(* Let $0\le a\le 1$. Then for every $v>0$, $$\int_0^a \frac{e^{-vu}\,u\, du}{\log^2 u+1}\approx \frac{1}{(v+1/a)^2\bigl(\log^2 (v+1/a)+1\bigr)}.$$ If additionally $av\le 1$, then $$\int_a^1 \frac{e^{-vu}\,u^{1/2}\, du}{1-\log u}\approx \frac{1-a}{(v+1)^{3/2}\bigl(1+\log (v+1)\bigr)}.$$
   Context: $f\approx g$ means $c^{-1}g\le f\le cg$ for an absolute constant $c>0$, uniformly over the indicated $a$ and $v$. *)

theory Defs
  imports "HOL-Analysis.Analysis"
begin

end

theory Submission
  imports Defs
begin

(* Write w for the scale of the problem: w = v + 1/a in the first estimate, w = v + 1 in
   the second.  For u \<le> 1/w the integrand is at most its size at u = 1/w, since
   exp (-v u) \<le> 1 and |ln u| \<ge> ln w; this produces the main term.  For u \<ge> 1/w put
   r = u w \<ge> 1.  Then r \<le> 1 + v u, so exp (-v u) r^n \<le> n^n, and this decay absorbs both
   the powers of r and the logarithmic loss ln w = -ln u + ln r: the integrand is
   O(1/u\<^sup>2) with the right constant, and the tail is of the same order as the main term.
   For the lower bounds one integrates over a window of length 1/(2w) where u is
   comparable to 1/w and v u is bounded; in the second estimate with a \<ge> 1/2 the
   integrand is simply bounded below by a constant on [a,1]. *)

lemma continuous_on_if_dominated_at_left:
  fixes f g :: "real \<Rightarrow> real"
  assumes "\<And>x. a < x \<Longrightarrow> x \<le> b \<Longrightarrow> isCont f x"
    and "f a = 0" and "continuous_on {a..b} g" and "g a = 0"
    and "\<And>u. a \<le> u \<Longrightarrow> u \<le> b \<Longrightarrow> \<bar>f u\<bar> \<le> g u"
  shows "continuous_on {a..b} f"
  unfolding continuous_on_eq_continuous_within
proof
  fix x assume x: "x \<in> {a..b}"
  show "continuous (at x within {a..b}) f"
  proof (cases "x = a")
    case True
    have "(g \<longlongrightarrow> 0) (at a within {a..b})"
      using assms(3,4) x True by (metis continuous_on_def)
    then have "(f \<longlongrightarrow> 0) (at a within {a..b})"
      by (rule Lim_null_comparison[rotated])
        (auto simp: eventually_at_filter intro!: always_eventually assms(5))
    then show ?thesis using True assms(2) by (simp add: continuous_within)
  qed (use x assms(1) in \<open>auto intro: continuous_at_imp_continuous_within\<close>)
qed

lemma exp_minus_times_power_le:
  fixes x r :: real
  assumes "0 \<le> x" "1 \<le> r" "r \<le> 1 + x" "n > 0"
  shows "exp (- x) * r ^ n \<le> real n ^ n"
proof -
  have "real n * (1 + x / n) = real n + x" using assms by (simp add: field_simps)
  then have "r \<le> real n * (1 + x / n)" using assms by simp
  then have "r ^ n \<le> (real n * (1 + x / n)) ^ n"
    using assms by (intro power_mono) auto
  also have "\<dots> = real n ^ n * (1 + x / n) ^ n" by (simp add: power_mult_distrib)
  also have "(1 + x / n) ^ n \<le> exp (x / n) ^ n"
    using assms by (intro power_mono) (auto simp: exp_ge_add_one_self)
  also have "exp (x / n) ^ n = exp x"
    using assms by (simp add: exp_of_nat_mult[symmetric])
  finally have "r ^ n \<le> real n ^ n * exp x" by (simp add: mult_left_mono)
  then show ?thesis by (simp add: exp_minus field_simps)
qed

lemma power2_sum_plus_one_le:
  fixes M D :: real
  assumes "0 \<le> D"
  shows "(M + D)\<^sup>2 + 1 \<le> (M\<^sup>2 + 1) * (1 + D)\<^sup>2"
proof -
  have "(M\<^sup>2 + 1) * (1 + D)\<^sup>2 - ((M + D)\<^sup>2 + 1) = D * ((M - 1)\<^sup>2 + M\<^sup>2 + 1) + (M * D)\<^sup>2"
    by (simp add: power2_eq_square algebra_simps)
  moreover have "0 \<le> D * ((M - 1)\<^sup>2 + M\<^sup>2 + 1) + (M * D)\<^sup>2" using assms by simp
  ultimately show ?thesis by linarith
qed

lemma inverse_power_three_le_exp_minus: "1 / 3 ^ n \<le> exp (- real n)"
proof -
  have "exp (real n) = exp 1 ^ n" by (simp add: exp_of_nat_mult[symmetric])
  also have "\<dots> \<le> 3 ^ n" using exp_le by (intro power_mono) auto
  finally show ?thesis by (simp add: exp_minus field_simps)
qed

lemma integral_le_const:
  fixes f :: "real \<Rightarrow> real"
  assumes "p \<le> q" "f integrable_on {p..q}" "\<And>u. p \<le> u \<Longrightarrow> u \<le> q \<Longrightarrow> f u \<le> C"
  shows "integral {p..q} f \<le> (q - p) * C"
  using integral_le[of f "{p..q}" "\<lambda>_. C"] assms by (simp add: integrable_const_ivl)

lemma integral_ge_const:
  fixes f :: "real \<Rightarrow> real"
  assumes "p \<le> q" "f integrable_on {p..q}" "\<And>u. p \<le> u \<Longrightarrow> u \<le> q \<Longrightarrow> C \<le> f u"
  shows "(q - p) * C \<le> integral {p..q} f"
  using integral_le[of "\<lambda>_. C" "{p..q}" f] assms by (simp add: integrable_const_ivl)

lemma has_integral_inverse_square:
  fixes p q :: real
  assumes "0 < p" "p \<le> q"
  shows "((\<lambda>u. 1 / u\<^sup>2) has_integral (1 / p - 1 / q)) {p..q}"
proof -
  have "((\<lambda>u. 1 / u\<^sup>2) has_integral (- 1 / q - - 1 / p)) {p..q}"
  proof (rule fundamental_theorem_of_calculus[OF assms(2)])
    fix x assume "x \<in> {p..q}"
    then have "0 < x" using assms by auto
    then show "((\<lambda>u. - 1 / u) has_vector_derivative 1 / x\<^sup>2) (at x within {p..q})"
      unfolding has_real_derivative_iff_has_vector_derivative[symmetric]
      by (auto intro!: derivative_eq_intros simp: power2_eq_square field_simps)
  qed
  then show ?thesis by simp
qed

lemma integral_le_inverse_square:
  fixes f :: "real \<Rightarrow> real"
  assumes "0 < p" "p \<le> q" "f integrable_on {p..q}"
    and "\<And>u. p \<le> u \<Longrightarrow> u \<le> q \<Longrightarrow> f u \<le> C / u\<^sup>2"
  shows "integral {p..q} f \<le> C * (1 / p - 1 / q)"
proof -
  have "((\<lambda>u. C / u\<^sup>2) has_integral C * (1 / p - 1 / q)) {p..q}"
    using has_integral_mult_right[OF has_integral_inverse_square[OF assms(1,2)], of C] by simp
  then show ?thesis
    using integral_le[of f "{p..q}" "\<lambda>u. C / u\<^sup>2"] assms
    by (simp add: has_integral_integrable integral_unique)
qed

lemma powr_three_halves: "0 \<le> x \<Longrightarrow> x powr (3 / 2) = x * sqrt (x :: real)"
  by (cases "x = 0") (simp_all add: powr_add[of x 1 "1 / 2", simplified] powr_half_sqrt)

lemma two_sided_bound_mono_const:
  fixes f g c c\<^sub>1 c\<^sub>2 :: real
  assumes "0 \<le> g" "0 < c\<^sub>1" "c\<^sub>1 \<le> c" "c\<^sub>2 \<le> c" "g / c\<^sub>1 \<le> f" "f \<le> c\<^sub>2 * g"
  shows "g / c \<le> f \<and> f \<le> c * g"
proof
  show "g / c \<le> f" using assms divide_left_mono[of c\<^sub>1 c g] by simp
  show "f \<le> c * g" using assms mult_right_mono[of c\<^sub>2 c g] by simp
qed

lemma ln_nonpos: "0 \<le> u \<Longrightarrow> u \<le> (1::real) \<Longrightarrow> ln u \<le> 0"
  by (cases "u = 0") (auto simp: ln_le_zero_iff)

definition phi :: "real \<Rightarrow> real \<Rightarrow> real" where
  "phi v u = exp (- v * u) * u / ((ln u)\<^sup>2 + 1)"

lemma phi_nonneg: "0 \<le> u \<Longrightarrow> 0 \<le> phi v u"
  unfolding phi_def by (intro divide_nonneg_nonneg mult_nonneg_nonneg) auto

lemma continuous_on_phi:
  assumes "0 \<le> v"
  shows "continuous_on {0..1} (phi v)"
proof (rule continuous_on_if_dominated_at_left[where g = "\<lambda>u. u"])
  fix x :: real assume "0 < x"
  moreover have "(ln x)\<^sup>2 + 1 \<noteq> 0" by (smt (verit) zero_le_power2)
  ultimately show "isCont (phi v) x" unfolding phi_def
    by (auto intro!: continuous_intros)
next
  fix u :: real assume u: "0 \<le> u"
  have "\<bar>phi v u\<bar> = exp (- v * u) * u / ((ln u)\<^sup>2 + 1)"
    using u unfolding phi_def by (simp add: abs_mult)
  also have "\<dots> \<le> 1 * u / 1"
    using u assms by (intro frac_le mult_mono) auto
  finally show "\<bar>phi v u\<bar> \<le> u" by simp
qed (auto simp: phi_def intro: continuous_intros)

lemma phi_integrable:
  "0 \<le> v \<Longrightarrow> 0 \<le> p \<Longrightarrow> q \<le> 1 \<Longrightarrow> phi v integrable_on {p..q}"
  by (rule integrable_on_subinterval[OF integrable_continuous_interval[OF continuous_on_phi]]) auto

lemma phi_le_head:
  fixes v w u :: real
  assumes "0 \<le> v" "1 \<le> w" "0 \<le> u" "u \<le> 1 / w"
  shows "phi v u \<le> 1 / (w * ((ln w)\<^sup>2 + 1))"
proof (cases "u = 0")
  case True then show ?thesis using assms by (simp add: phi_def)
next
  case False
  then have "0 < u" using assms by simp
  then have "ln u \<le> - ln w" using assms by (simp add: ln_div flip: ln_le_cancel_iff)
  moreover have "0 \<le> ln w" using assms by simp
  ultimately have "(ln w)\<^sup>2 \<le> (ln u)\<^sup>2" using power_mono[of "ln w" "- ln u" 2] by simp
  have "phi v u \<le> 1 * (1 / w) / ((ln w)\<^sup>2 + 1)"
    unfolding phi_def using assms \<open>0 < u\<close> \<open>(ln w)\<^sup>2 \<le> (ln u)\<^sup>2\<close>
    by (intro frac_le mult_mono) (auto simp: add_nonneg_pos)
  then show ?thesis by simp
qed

**********

> [TASK TO COMPLETE]: Count how many lines in the data above hold "this", and give that number by itself.

> [TASK ANSWER]: 2